lemma block_run_rejects_if_pair_run_accepts:
  assumes word: "is_word upw w" and run: "is_run upw w (pair_run w)"
    and acc: "parity_acc upw_prio (pair_run w)"
  shows "\<not> parity_acc upw_prio (block_run w)"
proof -
  from run have step: "pair_run w (Suc i) \<in> upw_trans (pair_run w i) (w i)" for i
    by (simp add: is_run_upw)
  have "w 0 = 1"
    using step[of 0] by (auto simp: upw_trans_def pair_step_def block_step_def split: if_splits)
  have alive: "w j = 1" if "pair_run w j = 2" for j
    using step[of j] that is_word_upw_letter[OF word, of j] by (auto simp: upw_trans_def split: if_splits)
  have "block_run w i \<noteq> 7" for i
    using block_run_pair_run_sync[OF word \<open>w 0 = 1\<close> alive, of i] by (cases i) auto
  then have "\<not> inf_visited (block_run w) 7"
    using inf_visited_imp_visited[of "block_run w" 7] by blast
  moreover have "\<forall>\<^sub>\<infinity>i. w i = 0"
    using acc parity_acc_pair_run_iff[OF word] by blast
  ultimately show ?thesis
    using block_run_rejects_if_eventually_0 by blast
qed

lemma unambiguous_upw: "unambiguous_parity upw upw_prio"
  unfolding unambiguous_parity_def
proof
  fix w
  assume "w \<in> parity_lang upw upw_prio"
  then have word: "is_word upw w" and ex: "\<exists>r. is_run upw w r \<and> parity_acc upw_prio r"
    by (auto simp: parity_lang_def)
  have "r = r'" if "is_run upw w r" "parity_acc upw_prio r" "is_run upw w r'" "parity_acc upw_prio r'" for r r'
    using run_upw_cases[OF that(1)] run_upw_cases[OF that(3)] that
      block_run_rejects_if_pair_run_accepts[OF word]
    by metis
  with ex show "\<exists>!r. is_run upw w r \<and> parity_acc upw_prio r"
    by blast
qed

lemma block_run_stays_in_78:
  assumes "block_run w i \<in> {7, 8}" and "i \<le> j"
  shows "block_run w j \<in> {7, 8}"
  using \<open>i \<le> j\<close>
proof (induction j rule: dec_induct)
  case (step j)
  then show ?case
    by (simp add: block_step_def)
qed (rule assms(1))
(* Let $q\in\mathbb{R}$. For all $A,B\in M_2(\mathbb{C})$ with $\operatorname{tr}A=0$, $$\|AB-qBA\|_F^2\le (1+q^2)\,\|A\|_F^2\,\|B\|_F^2 .$$ The bound is sharp: for every $q$ there are $A,B\in M_2(\mathbb{C})$ with $\operatorname{tr}A=0$ and $B\neq0$ attaining equality.
   Context: $\|X\|_F=\sqrt{\operatorname{tr}(XX^\dagger)}$ denotes the Frobenius norm. *)

theory Defs
  imports "HOL-Analysis.Analysis"
begin

definition mat_trace :: "'a::comm_ring_1 ^'n::finite^'n \<Rightarrow> 'a" where
  "mat_trace A = (\<Sum>i\<in>UNIV. A $ i $ i)"

definition conj_transpose :: "complex^'n::finite^'m::finite \<Rightarrow> complex^'m^'n" where
  "conj_transpose A = (\<chi> i j. cnj (A $ j $ i))"

text \<open>Frobenius norm: sqrt (tr (X X^dagger)); the trace is real and nonnegative.\<close>
definition frob_norm :: "complex^'n::finite^'n \<Rightarrow> real" where
  "frob_norm X = sqrt (Re (mat_trace (X ** conj_transpose X)))"

end

theory Submission
  imports Defs
begin

text \<open>
  Expand the traceless \<open>A\<close> in the Pauli basis with coefficient vector \<open>x \<in> \<complex>\<^sup>3\<close>, and write
  \<open>B\<close> through \<open>t = tr B\<close> and the (conjugated) Pauli coefficients \<open>y\<close> of its traceless part.
  Then \<open>8 ((1 + q\<^sup>2) \<parallel>A\<parallel>\<^sup>2 \<parallel>B\<parallel>\<^sup>2 - \<parallel>AB - qBA\<parallel>\<^sup>2)\<close> is the sum of squares
  \<open>\<parallel>i(1 + q) t x\<^sup>* - (1 - q) (x \<times> y)\<^sup>*\<parallel>\<^sup>2 + (1 + q)\<^sup>2 |x \<cdot> y|\<^sup>2\<close>, which gives the bound.
  Equality holds for \<open>A = E\<^sub>1\<^sub>2\<close>, \<open>B = E\<^sub>2\<^sub>1\<close>, where \<open>t = 0\<close> and \<open>x \<cdot> y = 0\<close>.
\<close>

lemma frob_norm_sq:
  fixes X :: "complex^'n::finite^'n"
  shows "(frob_norm X)\<^sup>2 = (\<Sum>i\<in>UNIV. \<Sum>j\<in>UNIV. (cmod (X$i$j))\<^sup>2)"
proof -
  have "Re (mat_trace (X ** conj_transpose X)) = (\<Sum>i\<in>UNIV. \<Sum>j\<in>UNIV. (cmod (X$i$j))\<^sup>2)"
    by (simp add: mat_trace_def matrix_matrix_mult_def conj_transpose_def
        flip: complex_norm_square)
  moreover have "(\<Sum>i\<in>UNIV. \<Sum>j\<in>UNIV. (cmod (X$i$j))\<^sup>2) \<ge> 0"
    by (intro sum_nonneg) simp
  ultimately show ?thesis
    by (simp add: frob_norm_def)
qed

lemma q_commutator_entry:
  fixes A B :: "'a::real_algebra_1^'n::finite^'n" and q :: real
  shows "(A ** B - q *\<^sub>R (B ** A)) $ i $ j
           = (\<Sum>k\<in>UNIV. A$i$k * B$k$j) - q *\<^sub>R (\<Sum>k\<in>UNIV. B$i$k * A$k$j)"
  by (simp add: matrix_matrix_mult_def)

lemma mat_trace_2_eq_0_iff:
  fixes A :: "'a::comm_ring_1^2^2"
  shows "mat_trace A = 0 \<longleftrightarrow> A$2$2 = - A$1$1"
  by (auto simp: mat_trace_def sum_2 eq_neg_iff_add_eq_0 add.commute)

lemma traceless_q_commutator_bound:
  fixes q :: real and a b c e f g h :: complex
  shows "(cmod (a*e + b*g - q*(e*a + f*c)))\<^sup>2 + (cmod (a*f + b*h - q*(e*b - f*a)))\<^sup>2
         + (cmod (c*e - a*g - q*(g*a + h*c)))\<^sup>2 + (cmod (c*f - a*h - q*(g*b - h*a)))\<^sup>2
       \<le> (1 + q\<^sup>2) * (2 * (cmod a)\<^sup>2 + (cmod b)\<^sup>2 + (cmod c)\<^sup>2)
           * ((cmod e)\<^sup>2 + (cmod f)\<^sup>2 + (cmod g)\<^sup>2 + (cmod h)\<^sup>2)"
    (is "?L \<le> ?R")
proof -
  \<comment> \<open>\<open>A = [[a, b], [c, -a]]\<close>, \<open>B = [[e, f], [g, h]]\<close>; the left side is \<open>\<parallel>AB - qBA\<parallel>\<^sup>2\<close>.\<close>
  define x1 x2 x3 where "x1 = b + c" and "x2 = \<i> * (b - c)" and "x3 = 2 * a"
  define t where "t = e + h"
  define y1 y2 y3 where "y1 = cnj f + cnj g" and "y2 = - \<i> * (cnj f - cnj g)"
    and "y3 = cnj e - cnj h"
  define z1 where "z1 = \<i> * (1 + q) * t * cnj x1 - (1 - q) * cnj (x2 * y3 - x3 * y2)"
  define z2 where "z2 = \<i> * (1 + q) * t * cnj x2 - (1 - q) * cnj (x3 * y1 - x1 * y3)"
  define z3 where "z3 = \<i> * (1 + q) * t * cnj x3 - (1 - q) * cnj (x1 * y2 - x2 * y1)"
  define v where "v = x1 * y1 + x2 * y2 + x3 * y3"
  have norm_sq: "(complex_of_real (cmod z))\<^sup>2 = z * cnj z" for z
    by (metis complex_norm_square of_real_power)
  have "complex_of_real (8 * (?R - ?L))
          = complex_of_real ((cmod z1)\<^sup>2 + (cmod z2)\<^sup>2 + (cmod z3)\<^sup>2 + (1 + q)\<^sup>2 * (cmod v)\<^sup>2)"
    unfolding of_real_mult of_real_add of_real_diff of_real_power norm_sq
      z1_def z2_def z3_def v_def x1_def x2_def x3_def t_def y1_def y2_def y3_def
      complex_cnj_mult complex_cnj_add complex_cnj_diff complex_cnj_complex_of_real
      complex_cnj_i complex_cnj_minus complex_cnj_numeral complex_cnj_one complex_cnj_cnj
      of_real_numeral of_real_1
    using i_squared by algebra
  then have "8 * (?R - ?L) = (cmod z1)\<^sup>2 + (cmod z2)\<^sup>2 + (cmod z3)\<^sup>2 + (1 + q)\<^sup>2 * (cmod v)\<^sup>2"
    using of_real_eq_iff by blast
  moreover have "(cmod z1)\<^sup>2 + (cmod z2)\<^sup>2 + (cmod z3)\<^sup>2 + (1 + q)\<^sup>2 * (cmod v)\<^sup>2 \<ge> 0"
    by simp
  ultimately have "0 \<le> 8 * (?R - ?L)"
    by simp
  then show ?thesis
    by simp
qed

lemma frob_norm_q_commutator_le:
  fixes A B :: "complex^2^2" and q :: real
  assumes "mat_trace A = 0"
  shows "(frob_norm (A ** B - q *\<^sub>R (B ** A)))\<^sup>2 \<le> (1 + q\<^sup>2) * (frob_norm A)\<^sup>2 * (frob_norm B)\<^sup>2"
proof -
  have A22: "A$2$2 = - A$1$1"
    using assms by (simp add: mat_trace_2_eq_0_iff)
  have frob_norm_sq_A:
    "(frob_norm A)\<^sup>2 = 2 * (cmod (A$1$1))\<^sup>2 + (cmod (A$1$2))\<^sup>2 + (cmod (A$2$1))\<^sup>2"
    by (simp add: frob_norm_sq sum_2 A22)
  let ?X = "A ** B - q *\<^sub>R (B ** A)"
  have entries:
    "?X$1$1 = A$1$1*B$1$1 + A$1$2*B$2$1 - q*(B$1$1*A$1$1 + B$1$2*A$2$1)"
    "?X$1$2 = A$1$1*B$1$2 + A$1$2*B$2$2 - q*(B$1$1*A$1$2 - B$1$2*A$1$1)"
    "?X$2$1 = A$2$1*B$1$1 - A$1$1*B$2$1 - q*(B$2$1*A$1$1 + B$2$2*A$2$1)"
    "?X$2$2 = A$2$1*B$1$2 - A$1$1*B$2$2 - q*(B$2$1*A$1$2 - B$2$2*A$1$1)"
    unfolding q_commutator_entry by (simp_all add: sum_2 scaleR_conv_of_real A22)
  show ?thesis
    using traceless_q_commutator_bound[where a = "A$1$1" and b = "A$1$2" and c = "A$2$1"
        and e = "B$1$1" and f = "B$1$2" and g = "B$2$1" and h = "B$2$2"]
    unfolding frob_norm_sq[of ?X] frob_norm_sq[of B] frob_norm_sq_A sum_2 entries
    by (simp only: add.assoc)
qed

lemma frob_norm_q_commutator_E12_E21:
  fixes q :: real
  defines "A \<equiv> (\<chi> i j. if i = 1 \<and> j = 2 then 1 else 0) :: complex^2^2"
    and "B \<equiv> (\<chi> i j. if i = 2 \<and> j = 1 then 1 else 0) :: complex^2^2"
  shows "mat_trace A = 0" and "B \<noteq> 0"
    and "(frob_norm (A ** B - q *\<^sub>R (B ** A)))\<^sup>2 = (1 + q\<^sup>2) * (frob_norm A)\<^sup>2 * (frob_norm B)\<^sup>2"
proof -
  show "mat_trace A = 0"
    by (simp add: A_def mat_trace_def sum_2)
  have "B$2$1 \<noteq> 0"
    by (simp add: B_def)
  then show "B \<noteq> 0"
    by auto
  show "(frob_norm (A ** B - q *\<^sub>R (B ** A)))\<^sup>2 = (1 + q\<^sup>2) * (frob_norm A)\<^sup>2 * (frob_norm B)\<^sup>2"
    unfolding frob_norm_sq q_commutator_entry
    by (simp add: sum_2 scaleR_conv_of_real A_def B_def)
qed

theorem proposition3:
  fixes q :: real
  shows "(\<forall>A B :: complex^2^2. mat_trace A = 0 \<longrightarrow>
            (frob_norm (A ** B - q *\<^sub>R (B ** A)))\<^sup>2
              \<le> (1 + q\<^sup>2) * (frob_norm A)\<^sup>2 * (frob_norm B)\<^sup>2)
       \<and> (\<exists>A B :: complex^2^2. mat_trace A = 0 \<and> B \<noteq> 0 \<and>
            (frob_norm (A ** B - q *\<^sub>R (B ** A)))\<^sup>2
              = (1 + q\<^sup>2) * (frob_norm A)\<^sup>2 * (frob_norm B)\<^sup>2)"
  using frob_norm_q_commutator_le frob_norm_q_commutator_E12_E21 by blast

end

**Exercise brief**
Transcribe each line of the data above, unaltered, from the one where "by (intro sum_nonneg) simp" appears to the one where "q*(g*b - h*a)))\<^sup>2" appears, inclusive of both.

**Exercise solution**
    by (intro sum_nonneg) simp
  ultimately show ?thesis
    by (simp add: frob_norm_def)
qed

lemma q_commutator_entry:
  fixes A B :: "'a::real_algebra_1^'n::finite^'n" and q :: real
  shows "(A ** B - q *\<^sub>R (B ** A)) $ i $ j
           = (\<Sum>k\<in>UNIV. A$i$k * B$k$j) - q *\<^sub>R (\<Sum>k\<in>UNIV. B$i$k * A$k$j)"
  by (simp add: matrix_matrix_mult_def)

lemma mat_trace_2_eq_0_iff:
  fixes A :: "'a::comm_ring_1^2^2"
  shows "mat_trace A = 0 \<longleftrightarrow> A$2$2 = - A$1$1"
  by (auto simp: mat_trace_def sum_2 eq_neg_iff_add_eq_0 add.commute)

lemma traceless_q_commutator_bound:
  fixes q :: real and a b c e f g h :: complex
  shows "(cmod (a*e + b*g - q*(e*a + f*c)))\<^sup>2 + (cmod (a*f + b*h - q*(e*b - f*a)))\<^sup>2
         + (cmod (c*e - a*g - q*(g*a + h*c)))\<^sup>2 + (cmod (c*f - a*h - q*(g*b - h*a)))\<^sup>2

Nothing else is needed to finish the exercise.